• [Task brief] What is the count of lines below that include "shows"? Reply with nothing else.

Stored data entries
lemma Max_row_sum_codeword_inner_powr_le:
  assumes "dmc W" "M \<ge> 1" "\<rho> \<ge> 1"
  shows "Max ((\<lambda>m. \<Sum>m'<M. codeword_inner W n (c m) (c m') powr (1 / \<rho>)) ` {..<M})
       \<le> 1 + ((real M - 1) powr (\<rho> - 1)
          * Max ((\<lambda>m. \<Sum>m'\<in>{..<M} - {m}. codeword_inner W n (c m) (c m')) ` {..<M})) powr (1 / \<rho>)"
    (is "_ \<le> 1 + ((real M - 1) powr (\<rho> - 1) * ?L) powr (1 / \<rho>)")
proof (rule Max.boundedI)
  show "finite ((\<lambda>m. \<Sum>m'<M. codeword_inner W n (c m) (c m') powr (1 / \<rho>)) ` {..<M})" by simp
  show "(\<lambda>m. \<Sum>m'<M. codeword_inner W n (c m) (c m') powr (1 / \<rho>)) ` {..<M} \<noteq> {}"
    using assms(2) by (auto simp: lessThan_empty_iff bot_nat_def)
next
  fix r assume "r \<in> (\<lambda>m. \<Sum>m'<M. codeword_inner W n (c m) (c m') powr (1 / \<rho>)) ` {..<M}"
  then obtain m where m: "m < M" "r = (\<Sum>m'<M. codeword_inner W n (c m) (c m') powr (1 / \<rho>))"
    by auto
  have "(\<Sum>m'\<in>{..<M} - {m}. codeword_inner W n (c m) (c m')) \<le> ?L"
    using m by (intro Max_ge) auto
  then have "((real M - 1) powr (\<rho> - 1) * (\<Sum>m'\<in>{..<M} - {m}. codeword_inner W n (c m) (c m')))
      powr (1 / \<rho>) \<le> ((real M - 1) powr (\<rho> - 1) * ?L) powr (1 / \<rho>)"
    using assms(1,3) by (intro powr_mono2 mult_left_mono mult_nonneg_nonneg sum_nonneg)
      (auto simp: codeword_inner_nonneg)
  then show "r \<le> 1 + ((real M - 1) powr (\<rho> - 1) * ?L) powr (1 / \<rho>)"
    using sum_codeword_inner_powr_le[OF assms(1,3) m(1), of n c] m(2) by linarith
qed

lemma codeword_bound_of_rep:
  fixes W :: "'x::finite \<Rightarrow> 'y::finite \<Rightarrow> real" and c :: "nat \<Rightarrow> nat \<Rightarrow> 'x"
    and \<phi> :: "'x \<Rightarrow> complex^'d::finite"
  assumes "dmc W" "M \<ge> 1" "\<rho> \<ge> 1" "\<phi> \<in> Gamma W \<rho>" "norm f = 1"
    and "\<And>x. exp (- v) \<le> (cmod (cinner (\<phi> x) f))\<^sup>2"
  shows "real M * exp (- real n * v) - 1
       \<le> ((real M - 1) powr (\<rho> - 1)
          * Max ((\<lambda>m. \<Sum>m'\<in>{..<M} - {m}. codeword_inner W n (c m) (c m')) ` {..<M})) powr (1 / \<rho>)"
proof -
  let ?I = "PiE {..<n} (\<lambda>_. UNIV :: 'd set)"
  let ?L = "Max ((\<lambda>m. \<Sum>m'\<in>{..<M} - {m}. codeword_inner W n (c m) (c m')) ` {..<M})"
  define \<Phi> where "\<Phi> m = tensor n (\<phi> \<circ> c m)" for m
  define F where "F = tensor n (\<lambda>_::nat. f)"
  have "real M * exp (- real n * v) = (\<Sum>m<M. exp (- real n * v))"
    by simp
  also have "\<dots> \<le> (\<Sum>m<M. (cmod (fun_inner ?I (\<Phi> m) F))\<^sup>2)"
    unfolding \<Phi>_def F_def by (intro sum_mono exp_le_cmod_fun_inner_tensor_sq assms(6))
  also have "\<dots> \<le> Max ((\<lambda>m. \<Sum>m'<M. codeword_inner W n (c m) (c m') powr (1 / \<rho>)) ` {..<M})
                  * (\<Sum>i\<in>?I. (cmod (F i))\<^sup>2)"
    using assms(2) cmod_fun_inner_tensor_rep_le[OF assms(1,4)]
    by (intro sum_sq_fun_inner_le_max_row_sum) (auto simp: \<Phi>_def lessThan_empty_iff bot_nat_def)
  also have "(\<Sum>i\<in>?I. (cmod (F i))\<^sup>2) = 1"
    using assms(5) by (simp add: F_def sum_sq_tensor)
  also have "Max ((\<lambda>m. \<Sum>m'<M. codeword_inner W n (c m) (c m') powr (1 / \<rho>)) ` {..<M})
      \<le> 1 + ((real M - 1) powr (\<rho> - 1) * ?L) powr (1 / \<rho>)"
    using assms(1-3) by (rule Max_row_sum_codeword_inner_powr_le)
  finally show ?thesis by simp
qed
(* Let $\ell_1,\dots,\ell_T$ be labels, $v_1,v_2>0$, $1\le i\le j\le T$, and suppose the optimal solution of subproblem $(i,j)$ is constant (hence equal to $r_{i,j}$). Let $0\le\alpha<r_{i,j}$ and consider the augmented subproblem: minimize $J_{i,j}(p_i,\dots,p_j)$ subject to $0\le p_i\le p_{i+1}\le\cdots\le p_j\le\alpha$. Then for every RBPSR $C_\rho$, the constant solution $p_i=\cdots=p_j=\alpha$ minimizes the augmented subproblem.
   Context: A regular binary proper scoring rule (RBPSR) is a function $C_\rho:\{\theta_1,\theta_2\}\times[0,1]\to[0,\infty]$ given by $C_\rho(\theta_1,q)=\int_q^1\frac{\rho(\eta)}{\eta}\,d\eta$ and $C_\rho(\theta_2,q)=\int_0^q\frac{\rho(\eta)}{1-\eta}\,d\eta$, where $\rho$ is a probability distribution on $[0,1]$ (possibly containing Dirac point masses), and these integrals are finite except that $C_\rho(\theta_1,0)$ and $C_\rho(\theta_2,1)$ may equal $\infty$. Given labels $\ell_1,\dots,\ell_T\in\{\theta_1,\theta_2\}$ and weights $v_1,v_2>0$, write $w(\theta_1)=v_1$, $w(\theta_2)=v_2$. For $1\le i\le j\le T$, a solution of subproblem $(i,j)$ is any $p_{i,j}=(p_i,\dots,p_j)\in[0,1]^{j-i+1}$, feasible if $p_i\le\cdots\le p_j$, with objective $J_{i,j}(p_{i,j})=\sum_{t=i}^j w(\ell_t)C_\rho(\ell_t,p_t)$. The optimal solution of subproblem $(i,j)$ is a feasible solution minimizing $J_{i,j}$ among feasible solutions simultaneously for every RBPSR $C_\rho$; it is constant if $p_i=\cdots=p_j$. For $i\le j$, $r_{i,j}=\frac{v_1m_{i,j}}{v_1m_{i,j}+v_2n_{i,j}}$, where $m_{i,j},n_{i,j}$ are the numbers of $\theta_1$- and $\theta_2$-labels among $\ell_i,\dots,\ell_j$. *)

theory Defs
  imports "HOL-Probability.Probability"
begin

datatype label = Theta1 | Theta2

text \<open>Convention for point masses: the theta1-integral ranges over [q,1], the theta2-integral
  over [0,q).  The integrand 1/eta (resp. 1/(1-eta)) is taken as infinity at eta = 0
  (resp. eta = 1).\<close>
definition C :: "real measure \<Rightarrow> label \<Rightarrow> real \<Rightarrow> ennreal" where
  "C rho l q = (case l of
      Theta1 \<Rightarrow> (\<integral>\<^sup>+ eta. (if eta = 0 then \<infinity> else ennreal (1 / eta)) * indicator {q..1} eta \<partial>rho)
    | Theta2 \<Rightarrow> (\<integral>\<^sup>+ eta. (if eta = 1 then \<infinity> else ennreal (1 / (1 - eta))) * indicator {0..<q} eta \<partial>rho))"

definition rbpsr :: "real measure \<Rightarrow> bool" where
  "rbpsr rho \<longleftrightarrow> prob_space rho \<and> sets rho = sets borel \<and> emeasure rho {0..1} = 1
     \<and> (\<forall>q. 0 < q \<and> q \<le> 1 \<longrightarrow> C rho Theta1 q < \<infinity>)
     \<and> (\<forall>q. 0 \<le> q \<and> q < 1 \<longrightarrow> C rho Theta2 q < \<infinity>)"

definition w :: "real \<Rightarrow> real \<Rightarrow> label \<Rightarrow> real" where
  "w v1 v2 l = (case l of Theta1 \<Rightarrow> v1 | Theta2 \<Rightarrow> v2)"

definition J :: "(nat \<Rightarrow> label) \<Rightarrow> real \<Rightarrow> real \<Rightarrow> real measure \<Rightarrow> nat \<Rightarrow> nat \<Rightarrow> (nat \<Rightarrow> real) \<Rightarrow> ennreal" where
  "J lab v1 v2 rho i j p = (\<Sum>t\<in>{i..j}. ennreal (w v1 v2 (lab t)) * C rho (lab t) (p t))"

definition feasible :: "nat \<Rightarrow> nat \<Rightarrow> (nat \<Rightarrow> real) \<Rightarrow> bool" where
  "feasible i j p \<longleftrightarrow> (\<forall>t\<in>{i..j}. 0 \<le> p t \<and> p t \<le> 1) \<and>
     (\<forall>s\<in>{i..j}. \<forall>t\<in>{i..j}. s \<le> t \<longrightarrow> p s \<le> p t)"

definition optimal :: "(nat \<Rightarrow> label) \<Rightarrow> real \<Rightarrow> real \<Rightarrow> nat \<Rightarrow> nat \<Rightarrow> (nat \<Rightarrow> real) \<Rightarrow> bool" where
  "optimal lab v1 v2 i j p \<longleftrightarrow> feasible i j p \<and>
     (\<forall>rho. rbpsr rho \<longrightarrow> (\<forall>p'. feasible i j p' \<longrightarrow> J lab v1 v2 rho i j p \<le> J lab v1 v2 rho i j p'))"

definition r :: "(nat \<Rightarrow> label) \<Rightarrow> real \<Rightarrow> real \<Rightarrow> nat \<Rightarrow> nat \<Rightarrow> real" where
  "r lab v1 v2 i j = (let m = card {t\<in>{i..j}. lab t = Theta1}; n = card {t\<in>{i..j}. lab t = Theta2}
     in v1 * real m / (v1 * real m + v2 * real n))"

end

theory Submission
  imports Defs
begin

• [Task result] 2